> **Aim of the task**: What is the number of lines in the data below that contain "bullet"? Reply with the number only.

> **Stored data entries**:
* * *

(* Let $R\subset\mathbb{R}^N$, $R_+$, $\kappa$, $\gamma_\kappa$, $\Delta_\kappa$ be as in the context, $\omega>0$, $g(x)=\exp(-\tfrac\omega2|x|^2)$ and $\mathcal{H}=\omega^2|x|^2-\Delta_\kappa$. Suppose $p$ is a polynomial with $p\in\mathcal{P}_{\le n}$, $\pi_np\neq0$, and $\mathcal{H}(pg)=E\,pg$ for some scalar $E$. Then $E=\omega(N+2\gamma_\kappa+2n)$; $\pi_{n-2i+1}p=0$ for all integers $1\le i\le\frac{n+1}{2}$; $\pi_{n-2i}p=\frac{1}{i!}\left(-\frac{\Delta_\kappa}{4\omega}\right)^i\pi_np$ for all integers $0\le i\le\frac n2$; and $p=\exp\left(-\frac{\Delta_\kappa}{4\omega}\right)\pi_np$.
   Context: Vectors in $\mathbb{R}^N$ are row vectors, $\langle x,y\rangle=\sum x_iy_i$, $|x|^2=\langle x,x\rangle$. For $v\neq0$, $x\sigma_v=x-2\frac{\langle x,v\rangle}{|v|^2}v$. $R$ is a finite reduced root system (finite set of nonzero vectors, closed under all $\sigma_v$, $v\in R$, with $u,cu\in R\Rightarrow c=\pm1$), $R_+=\{v\in R:\langle u_0,v\rangle>0\}$ for a fixed generic $u_0$; multiplicity $\kappa_v$ constant on orbits of the reflection group (real values or formal parameters); $\gamma_\kappa=\sum_{v\in R_+}\kappa_v$. Dunkl operators $\mathcal{D}_if(x)=\partial_if(x)+\sum_{v\in R_+}\kappa_v\frac{f(x)-f(x\sigma_v)}{\langle x,v\rangle}v_i$, $\Delta_\kappa=\sum_i\mathcal{D}_i^2$. $\mathcal{P}_k$ denotes homogeneous polynomials of degree $k$, $\mathcal{P}_{\le n}=\mathcal{P}_0+\dots+\mathcal{P}_n$, and $\pi_k$ is the projection of polynomials onto $\mathcal{P}_k$ (with $\pi_k=0$ for $k<0$). The operator $\exp(-\Delta_\kappa/(4\omega))=\sum_{j\ge0}\frac{1}{j!}(-\Delta_\kappa/(4\omega))^j$ is a finite sum on each polynomial since $\Delta_\kappa$ lowers degree by 2. *)

theory Defs
  imports "HOL-Analysis.Analysis"
begin

definition refl :: "real^'n \<Rightarrow> real^'n \<Rightarrow> real^'n" where
  "refl v x = x - (2 * (x \<bullet> v) / (v \<bullet> v)) *\<^sub>R v"

definition root_system :: "(real^'n) set \<Rightarrow> bool" where
  "root_system R \<longleftrightarrow> finite R \<and> 0 \<notin> R \<and>
     (\<forall>u\<in>R. \<forall>v\<in>R. refl v u \<in> R) \<and>
     (\<forall>u\<in>R. \<forall>c::real. c *\<^sub>R u \<in> R \<longrightarrow> c = 1 \<or> c = -1)"

definition pos_roots :: "(real^'n) set \<Rightarrow> real^'n \<Rightarrow> (real^'n) set" where
  "pos_roots R u0 = {v\<in>R. u0 \<bullet> v > 0}"

definition mult_fn :: "(real^'n) set \<Rightarrow> (real^'n \<Rightarrow> real) \<Rightarrow> bool" where
  "mult_fn R \<kappa> \<longleftrightarrow> (\<forall>u\<in>R. \<forall>v\<in>R. \<kappa> (refl v u) = \<kappa> u)"

definition gamma_k :: "(real^'n) set \<Rightarrow> real^'n \<Rightarrow> (real^'n \<Rightarrow> real) \<Rightarrow> real" where
  "gamma_k R u0 \<kappa> = (\<Sum>v\<in>pos_roots R u0. \<kappa> v)"

definition regular_set :: "(real^'n) set \<Rightarrow> (real^'n) set" where
  "regular_set R = {x. \<forall>v\<in>R. x \<bullet> v \<noteq> 0}"

definition partial :: "'n \<Rightarrow> (real^'n \<Rightarrow> real) \<Rightarrow> real^'n \<Rightarrow> real" where
  "partial i f x = deriv (\<lambda>t. f (x + t *\<^sub>R axis i 1)) 0"

definition dunkl :: "(real^'n) set \<Rightarrow> real^'n \<Rightarrow> (real^'n \<Rightarrow> real) \<Rightarrow> 'n
    \<Rightarrow> (real^'n \<Rightarrow> real) \<Rightarrow> real^'n \<Rightarrow> real" where
  "dunkl R u0 \<kappa> i f x = partial i f x +
     (\<Sum>v\<in>pos_roots R u0. \<kappa> v * (f x - f (refl v x)) / (x \<bullet> v) * v $ i)"
lemma no_successful_collision_at_one_AE: "AE w in M. \<not> successful_collision w 1"
proof -
  define feeds where
    "feeds j = {w \<in> space M. successful (forward w) (- int j) \<and> a (- int j) w = Suc j}" for j
  define count where "count w = (\<Sum>j. indicator (feeds j) w :: ennreal)" for w
  define hit where "hit w = (indicator {w \<in> space M. successful (forward w) 1} w :: ennreal)" for w
  have feeds_sets: "feeds j \<in> sets M" for j
    unfolding feeds_def by (rule sets_successful_a_event)
  have count_meas: "count \<in> borel_measurable M"
    unfolding count_def using feeds_sets by measurable
  have hit_meas: "hit \<in> borel_measurable M"
    unfolding hit_def using sets_successful_event by measurable
  have in_feeds: "u = - int (nat (- u)) \<and> w \<in> feeds (nat (- u))"
    if "w \<in> space M" "successful (forward w) u" "forward w u = 1" for w u
    using that forward_gt[OF that(1), of u] unfolding feeds_def succ_map_def by auto
  have count_ge: "(\<Sum>j\<in>J. indicator (feeds j) w) \<le> count w" if "finite J" for J w
    unfolding count_def using that by (intro sum_le_suminf) auto

  have "(\<integral>\<^sup>+ w. count w \<partial>M) = (\<Sum>j. emeasure M (feeds j))"
    unfolding count_def using feeds_sets by (simp add: nn_integral_suminf)
  also have "\<dots> = (\<Sum>j. emeasure M {w \<in> space M. successful (forward w) 0 \<and> a 0 w = Suc j})"
  proof -
    have "emeasure M (feeds j)
        = emeasure M {w \<in> space M. successful (forward w) 0 \<and> a 0 w = Suc j}" for j
      unfolding feeds_def by (rule emeasure_successful_a_event)
    then show ?thesis by simp
  qed
  also have "\<dots> = emeasure M (\<Union>j. {w \<in> space M. successful (forward w) 0 \<and> a 0 w = Suc j})"
    by (rule suminf_emeasure) (auto simp: disjoint_family_on_def intro: sets_successful_a_event)
  also have "(\<Union>j. {w \<in> space M. successful (forward w) 0 \<and> a 0 w = Suc j})
      = {w \<in> space M. successful (forward w) 0}"
    using a_pos by (auto simp: Suc_le_eq gr0_conv_Suc)
  also have "emeasure M {w \<in> space M. successful (forward w) 0}
      = emeasure M {w \<in> space M. successful (forward w) 1}"
    by (rule emeasure_flow_shift[OF sets_successful_event, where k = 1, symmetric])
       (simp add: successful_flow_shift)
  also have "\<dots> = (\<integral>\<^sup>+ w. hit w \<partial>M)"
    unfolding hit_def using sets_successful_event by simp
  finally have integrals_eq: "(\<integral>\<^sup>+ w. count w \<partial>M) = (\<integral>\<^sup>+ w. hit w \<partial>M)" .

  have "AE w in M. hit w \<le> count w"
    using crossing_finite_AE
  proof (rule AE_mp, intro AE_I2 impI)
    fix w assume w: "w \<in> space M" and fin: "finite (crossing (forward w) 0)"
    show "hit w \<le> count w"
    proof (cases "successful (forward w) 1")
      case True
      have "finite (forward w -` {0 + 1})"
        using preimage_subset_crossing[OF forward_gt[OF w]] fin by (rule finite_subset)
      then obtain u where "forward w u = 1" "successful (forward w) u"
        using successful_preimage True by fastforce
      then have "w \<in> feeds (nat (- u))" using in_feeds w by blast
      then show ?thesis
        using count_ge[of "{nat (- u)}" w] w True unfolding hit_def by simp
    qed (simp add: hit_def)
  qed
  moreover have "(\<integral>\<^sup>+ w. hit w \<partial>M) \<noteq> \<infinity>"
    unfolding hit_def using sets_successful_event by (simp add: emeasure_eq_measure)
  ultimately have "AE w in M. count w \<le> hit w"
    using nn_integral_less[OF hit_meas count_meas] integrals_eq by (metis order_less_irrefl)
  then show ?thesis
  proof (rule AE_mp, intro AE_I2 impI notI)
    fix w assume w: "w \<in> space M" and le: "count w \<le> hit w" and "successful_collision w 1"
    then obtain u v where uv: "u \<noteq> v" "successful (forward w) u" "successful (forward w) v"
      "forward w u = 1" "forward w v = 1"
      unfolding successful_collision_def by blast
    then have "nat (- u) \<noteq> nat (- v)" "w \<in> feeds (nat (- u))" "w \<in> feeds (nat (- v))"
      using in_feeds[OF w] by metis+
    then have "2 \<le> count w"
      using count_ge[of "{nat (- u), nat (- v)}" w] by simp
    moreover have "hit w \<le> 1" unfolding hit_def by (simp add: indicator_def)
    ultimately have "(2 :: ennreal) \<le> 1" using le by (meson order_trans)
    then show False by simp
  qed
qed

* * *

> **Problem solution**: 4